Radhamés Mora

Personal information
- Full name: Radhamés E. Mora
- Nationality: Dominican
- Born: 16 February 1948 (age 78) Santo Domingo, Dominican Republic
- Height: 1.70 m (5 ft 7 in)
- Weight: 77 kg (170 lb)

Sport
- Sport: Sprinting
- Event: 110 metres hurdles

= Radhamés Mora =

Dominican Republic sprinter (born 1948)

Radhamés E. Mora (born 16 February 1948) is a Dominican hurdler and sprinter. During his career, he was selected to be part of the Dominican Republic's team at the 1968 Summer Olympics. He competed in the men's 110 metres hurdles and the men's 4 × 400 metres relay at the 1968 Summer Olympics, though did not medal in either event.

==Biography==
Radhamés E. Mora was born on 16 February 1948 Santo Domingo in the Dominican Republic.

As a hurdler and sprinter, Mora was selected to compete for the Dominican Republic at the 1968 Summer Olympics held in Mexico City, Mexico. For his participation, he was entered in the men's 110 metres hurdles and the men's 4 × 400 metres relay.

Mora first competed in the preliminary heats of the men's 110 metres hurdles on 16 October. He raced in the fifth heat against six other athletes, namely: Viktor Balikhin, Alfredo Deza, Marcel Duriez, Sergio Liani, Lubomír Nádeníček, and Alan Pascoe. There, Mora recorded an automatically timed mark of 16.85 seconds and placed last, failing to advance to the semifinals as only the top three of his heat would be able to advance.

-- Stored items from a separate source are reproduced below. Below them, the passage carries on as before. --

(* Let $C=\{(c_1,\dots,c_e)\in\mathbb{R}^e: c_1\ge-(c_2+\dots+c_e),\ c_i\ge0\ \text{for } 2\le i\le e\}$ and let $f\in\mathbb{K}[[\underline{x}]][y]$ be monic of degree $n\ge1$. Then $f$ is irreducible in $\mathbb{K}_C[[\underline{x}]][y]$ if and only if $F(X_1,\dots,X_e,y)=f(X_1,X_2X_1,\dots,X_eX_1,y)$ is irreducible in $\mathbb{K}[[\underline{X}]][y]$.
   Context: $\mathbb{K}$ is an algebraically closed field of characteristic $0$, $\underline{x}=(x_1,\dots,x_e)$, $\underline{X}=(X_1,\dots,X_e)$. $C$ is a line free cone, and $\mathbb{K}_C[[\underline{x}]]$ denotes the ring of formal series $\sum_{p\in C\cap\mathbb{Z}^e}a_p\underline{x}^p$; it contains $\mathbb{K}[[\underline{x}]]$. Irreducibility of a monic polynomial of degree $n$ in $A[y]$ means it is not a product of two monic polynomials of $A[y]$ of $y$-degrees strictly between $0$ and $n$. *)

theory Defs
  imports "HOL-Computational_Algebra.Polynomial"
begin

text \<open>Exponent vectors in Z^e are functions nat => int vanishing from index e on;
  coordinate i (0-based) corresponds to the paper's x_(i+1).\<close>

type_synonym 'k series = "(nat \<Rightarrow> int) \<Rightarrow> 'k"

definition nat_exps :: "nat \<Rightarrow> (nat \<Rightarrow> int) set" where
  "nat_exps e = {p. (\<forall>i. e \<le> i \<longrightarrow> p i = 0) \<and> (\<forall>i<e. 0 \<le> p i)}"

definition coneC_exps :: "nat \<Rightarrow> (nat \<Rightarrow> int) set" where
  "coneC_exps e = {p. (\<forall>i. e \<le> i \<longrightarrow> p i = 0)
      \<and> - (\<Sum>i\<in>{1..<e}. p i) \<le> p 0 \<and> (\<forall>i\<in>{1..<e}. 0 \<le> p i)}"

definition series_ring :: "(nat \<Rightarrow> int) set \<Rightarrow> 'k::zero series set" where
  "series_ring S = {a. \<forall>p. p \<notin> S \<longrightarrow> a p = 0}"

text \<open>Cauchy product in K_S[[x]] (the index set is finite for the cones used here).\<close>
definition series_mult :: "(nat \<Rightarrow> int) set \<Rightarrow> 'k::comm_semiring_1 series \<Rightarrow> 'k series \<Rightarrow> 'k series" where
  "series_mult S a b r =
     (\<Sum>pq\<in>{(p, q). p \<in> S \<and> q \<in> S \<and> (\<lambda>i. p i + q i) = r}. a (fst pq) * b (snd pq))"

definition series_one :: "'k::{zero,one} series" where
  "series_one p = (if p = (\<lambda>_. 0) then 1 else 0)"

text \<open>Polynomials in y over K_S[[x]]: coefficient functions nat => series.
  Monic of degree n means coefficients in the ring, leading coefficient 1, zero above n.\<close>
definition monic_poly_over :: "'k::{zero,one} series set \<Rightarrow> nat \<Rightarrow> (nat \<Rightarrow> 'k series) \<Rightarrow> bool" where
  "monic_poly_over A n f \<longleftrightarrow>
     (\<forall>k<n. f k \<in> A) \<and> f n = series_one \<and> (\<forall>k. n < k \<longrightarrow> f k = (\<lambda>_. 0))"

definition poly_mult_over :: "(nat \<Rightarrow> int) set \<Rightarrow> (nat \<Rightarrow> 'k::comm_semiring_1 series)
     \<Rightarrow> (nat \<Rightarrow> 'k series) \<Rightarrow> (nat \<Rightarrow> 'k series)" where
  "poly_mult_over S g h k = (\<lambda>r. \<Sum>i\<le>k. series_mult S (g i) (h (k - i)) r)"

definition irreducible_over :: "(nat \<Rightarrow> int) set \<Rightarrow> nat \<Rightarrow> (nat \<Rightarrow> 'k::comm_semiring_1 series) \<Rightarrow> bool" where
  "irreducible_over S n f \<longleftrightarrow>
     \<not> (\<exists>d g h. 0 < d \<and> d < n \<and> monic_poly_over (series_ring S) d g
          \<and> monic_poly_over (series_ring S) (n - d) h \<and> f = poly_mult_over S g h)"

text \<open>Substitution x_1 = X_1, x_i = X_i X_1 (i \<ge> 2): the monomial x^p goes to X^q with
  q_1 = p_1 + ... + p_e and q_i = p_i, so the coefficient of X^q is that of x^p with
  p = (q_1 - (q_2+...+q_e), q_2, ..., q_e) when p \<in> N^e, and 0 otherwise.\<close>
definition blowup_exp :: "nat \<Rightarrow> (nat \<Rightarrow> int) \<Rightarrow> (nat \<Rightarrow> int)" where
  "blowup_exp e q = q(0 := q 0 - (\<Sum>i\<in>{1..<e}. q i))"

definition blowup_series :: "nat \<Rightarrow> 'k::zero series \<Rightarrow> 'k series" where
  "blowup_series e a q = (if blowup_exp e q \<in> nat_exps e then a (blowup_exp e q) else 0)"

end

theory Submission
  imports Defs
begin

text \<open>The substitution is a monomial change of variables: the coefficient of X^q in F is the
  coefficient of x^(B q) in f, where B = blowup_exp e is an additive bijection of Z^e carrying
  N^e onto the lattice points of C. Composition with such a B is therefore a ring isomorphism
  from K_C[[x]] onto K[[X]]; applied coefficientwise it is an isomorphism of the polynomial rings
  in y that preserves monic polynomials and their degrees, hence monic factorisations in both
  directions.\<close>

definition exponent_iso ::
    "(nat \<Rightarrow> int) set \<Rightarrow> (nat \<Rightarrow> int) set \<Rightarrow> ((nat \<Rightarrow> int) \<Rightarrow> (nat \<Rightarrow> int)) \<Rightarrow> bool" where
  "exponent_iso T S \<phi> \<longleftrightarrow> bij \<phi> \<and> (\<forall>p q. \<phi> (\<lambda>i. p i + q i) = (\<lambda>i. \<phi> p i + \<phi> q i))
      \<and> (\<forall>p. \<phi> p \<in> S \<longleftrightarrow> p \<in> T)"

lemma exponent_iso_zero:
  assumes "exponent_iso T S \<phi>"
  shows "\<phi> p = (\<lambda>_. 0) \<longleftrightarrow> p = (\<lambda>_. 0)"
proof -
  have inj: "inj \<phi>" and add: "\<And>p q. \<phi> (\<lambda>i. p i + q i) = (\<lambda>i. \<phi> p i + \<phi> q i)"
    using assms unfolding exponent_iso_def by (auto simp: bij_is_inj)
  from add[of "\<lambda>_. 0" "\<lambda>_. 0"] have "\<phi> (\<lambda>_. 0) = (\<lambda>_. 0)"
    by (simp add: fun_eq_iff)
  then show ?thesis
    using inj by (metis inj_eq)
qed

lemma exponent_iso_inv:
  assumes "exponent_iso T S \<phi>"
  shows "exponent_iso S T (inv \<phi>)"
proof -
  have bij: "bij \<phi>" and add: "\<And>p q. \<phi> (\<lambda>i. p i + q i) = (\<lambda>i. \<phi> p i + \<phi> q i)"
    and mem: "\<And>p. \<phi> p \<in> S \<longleftrightarrow> p \<in> T"
    using assms unfolding exponent_iso_def by auto
  have inv_add: "inv \<phi> (\<lambda>i. p i + q i) = (\<lambda>i. inv \<phi> p i + inv \<phi> q i)" for p q
  proof -
    have "\<phi> (\<lambda>i. inv \<phi> p i + inv \<phi> q i) = (\<lambda>i. p i + q i)"
      using add[of "inv \<phi> p" "inv \<phi> q"] bij by (simp add: bij_is_surj surj_f_inv_f)
    then show ?thesis
      using bij by (metis bij_inv_eq_iff)
  qed
  moreover have "inv \<phi> p \<in> T \<longleftrightarrow> p \<in> S" for p
    using mem[of "inv \<phi> p"] bij by (simp add: bij_is_surj surj_f_inv_f)
  ultimately show ?thesis
    unfolding exponent_iso_def using bij_imp_bij_inv[OF bij] by simp
qed

lemma series_mult_comp:
  assumes "exponent_iso T S \<phi>"
  shows "series_mult S a b (\<phi> r) = series_mult T (a \<circ> \<phi>) (b \<circ> \<phi>) r"
proof -
  let ?\<psi> = "inv \<phi>"
  have bij: "bij \<phi>" and add: "\<And>p q. (\<lambda>i. \<phi> p i + \<phi> q i) = \<phi> (\<lambda>i. p i + q i)"
    and mem: "\<And>p. \<phi> p \<in> S \<longleftrightarrow> p \<in> T"
    using assms unfolding exponent_iso_def by auto
  have inv_add: "\<And>p q. (\<lambda>i. ?\<psi> p i + ?\<psi> q i) = ?\<psi> (\<lambda>i. p i + q i)"
    and inv_mem: "\<And>p. ?\<psi> p \<in> T \<longleftrightarrow> p \<in> S"
    using exponent_iso_inv[OF assms] unfolding exponent_iso_def by auto
  have inv_f: "\<And>p. ?\<psi> (\<phi> p) = p" and f_inv: "\<And>p. \<phi> (?\<psi> p) = p"
    using bij by (simp_all add: bij_is_inj bij_is_surj surj_f_inv_f)
  show ?thesis
    unfolding series_mult_def
    by (rule sum.reindex_bij_witness[where i = "map_prod \<phi> \<phi>" and j = "map_prod ?\<psi> ?\<psi>"])
      (auto simp: add inv_add mem inv_mem inv_f f_inv)
qed

lemma poly_mult_over_comp:
  assumes "exponent_iso T S \<phi>"
  shows "(\<lambda>k. poly_mult_over S g h k \<circ> \<phi>)
       = poly_mult_over T (\<lambda>k. g k \<circ> \<phi>) (\<lambda>k. h k \<circ> \<phi>)"
  unfolding poly_mult_over_def by (simp add: fun_eq_iff series_mult_comp[OF assms])

lemma monic_poly_over_comp:
  assumes "exponent_iso T S \<phi>" and "monic_poly_over (series_ring S) d g"
  shows "monic_poly_over (series_ring T) d (\<lambda>k. g k \<circ> \<phi>)"
proof -
  have "series_one \<circ> \<phi> = series_one"
    using exponent_iso_zero[OF assms(1)] by (auto simp: series_one_def)
  then show ?thesis
    using assms unfolding monic_poly_over_def series_ring_def exponent_iso_def by auto
qed

lemma reducible_over_comp:
  assumes "exponent_iso T S \<phi>" and "\<not> irreducible_over S n f"
  shows "\<not> irreducible_over T n (\<lambda>k. f k \<circ> \<phi>)"
proof -
  obtain d g h where "0 < d" "d < n"
    and "monic_poly_over (series_ring S) d g" "monic_poly_over (series_ring S) (n - d) h"
    and "f = poly_mult_over S g h"
    using assms(2) unfolding irreducible_over_def by blast
  then show ?thesis
    unfolding irreducible_over_def
    using monic_poly_over_comp[OF assms(1)] poly_mult_over_comp[OF assms(1)] by metis
qed

lemma irreducible_over_comp_iff:
  assumes "exponent_iso T S \<phi>"
  shows "irreducible_over T n (\<lambda>k. f k \<circ> \<phi>) \<longleftrightarrow> irreducible_over S n f"
proof -
  have "(\<lambda>k. f k \<circ> \<phi> \<circ> inv \<phi>) = f"
    using assms unfolding exponent_iso_def
    by (simp add: comp_assoc surj_iff[THEN iffD1, OF bij_is_surj])
  then show ?thesis
    using reducible_over_comp[OF assms] reducible_over_comp[OF exponent_iso_inv[OF assms],
        of n "\<lambda>k. f k \<circ> \<phi>"]
    by auto
qed

definition unblowup_exp :: "nat \<Rightarrow> (nat \<Rightarrow> int) \<Rightarrow> (nat \<Rightarrow> int)" where
  "unblowup_exp e p = p(0 := p 0 + (\<Sum>i\<in>{1..<e}. p i))"

lemma sum_atLeast1_fun_upd_0: "(\<Sum>i\<in>{1..<e::nat}. (p(0 := v)) i) = (\<Sum>i\<in>{1..<e}. p i)"
  by (rule sum.cong) auto

lemma bij_blowup_exp: "bij (blowup_exp e)"
proof (rule o_bij)
  show "unblowup_exp e \<circ> blowup_exp e = id" and "blowup_exp e \<circ> unblowup_exp e = id"
    by (auto simp: blowup_exp_def unblowup_exp_def sum_atLeast1_fun_upd_0)
qed

lemma blowup_exp_in_coneC_exps_iff: "blowup_exp e p \<in> coneC_exps e \<longleftrightarrow> p \<in> nat_exps e"
proof -
  have sum_eq: "(\<Sum>i\<in>{1..<e}. blowup_exp e p i) = (\<Sum>i\<in>{1..<e}. p i)"
    unfolding blowup_exp_def by (rule sum_atLeast1_fun_upd_0)
  have same: "blowup_exp e p i = p i" if "i \<noteq> 0" for i
    using that by (simp add: blowup_exp_def)
  have "(\<forall>i<e. 0 \<le> p i) \<longleftrightarrow> 0 \<le> p 0 \<and> (\<forall>i\<in>{1..<e}. 0 \<le> p i)" if "0 < e"
    using that by (metis atLeastLessThan_iff less_one linorder_not_less)
  then show ?thesis
    unfolding coneC_exps_def nat_exps_def mem_Collect_eq sum_eq
    by (cases "e = 0") (auto simp: same blowup_exp_def)
qed

lemma blowup_exp_add:
  "blowup_exp e (\<lambda>i. p i + q i) = (\<lambda>i. blowup_exp e p i + blowup_exp e q i)"
  by (auto simp: blowup_exp_def sum.distrib)

lemma exponent_iso_blowup_exp: "exponent_iso (nat_exps e) (coneC_exps e) (blowup_exp e)"
  by (simp add: exponent_iso_def bij_blowup_exp blowup_exp_add blowup_exp_in_coneC_exps_iff)

lemma blowup_series_eq_comp:
  assumes "a \<in> series_ring (nat_exps e)"
  shows "blowup_series e a = a \<circ> blowup_exp e"
  using assms unfolding blowup_series_def series_ring_def by auto

lemma monic_poly_over_coeff_in_series_ring:
  assumes "monic_poly_over (series_ring S) n f" and "(\<lambda>_. 0) \<in> S"
  shows "f k \<in> series_ring S"
  using assms unfolding monic_poly_over_def series_ring_def series_one_def
  by (cases k n rule: linorder_cases) auto

theorem mainTheorem17:
  fixes f :: "nat \<Rightarrow> 'k::field_char_0 series" and e n :: nat
  assumes alg_closed: "\<forall>p::'k poly. 0 < degree p \<longrightarrow> (\<exists>x. poly p x = 0)"
    and "1 \<le> e" and "1 \<le> n"
    and "monic_poly_over (series_ring (nat_exps e)) n f"
  shows "irreducible_over (coneC_exps e) n f
     \<longleftrightarrow> irreducible_over (nat_exps e) n (\<lambda>k. blowup_series e (f k))"
proof -
  have "(\<lambda>_. 0) \<in> nat_exps e"
    by (simp add: nat_exps_def)
  then have "(\<lambda>k. blowup_series e (f k)) = (\<lambda>k. f k \<circ> blowup_exp e)"
    using monic_poly_over_coeff_in_series_ring[OF assms(4)] blowup_series_eq_comp by blast
  then show ?thesis
    using irreducible_over_comp_iff[OF exponent_iso_blowup_exp] by metis
qed

end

The men's 4 × 400 metres relay team for the Dominican Republic consisted of Mora and his teammates, Rolando Gómez, José L'Oficial, and David Soriano. They competed in the preliminary heats of the event on 19 October, competing in the first heat against four other relay teams. Together, they recorded a time 3:19.42 and placed last, failing to advance to the finals as only the top three of the heat and next fastest would be able to advance.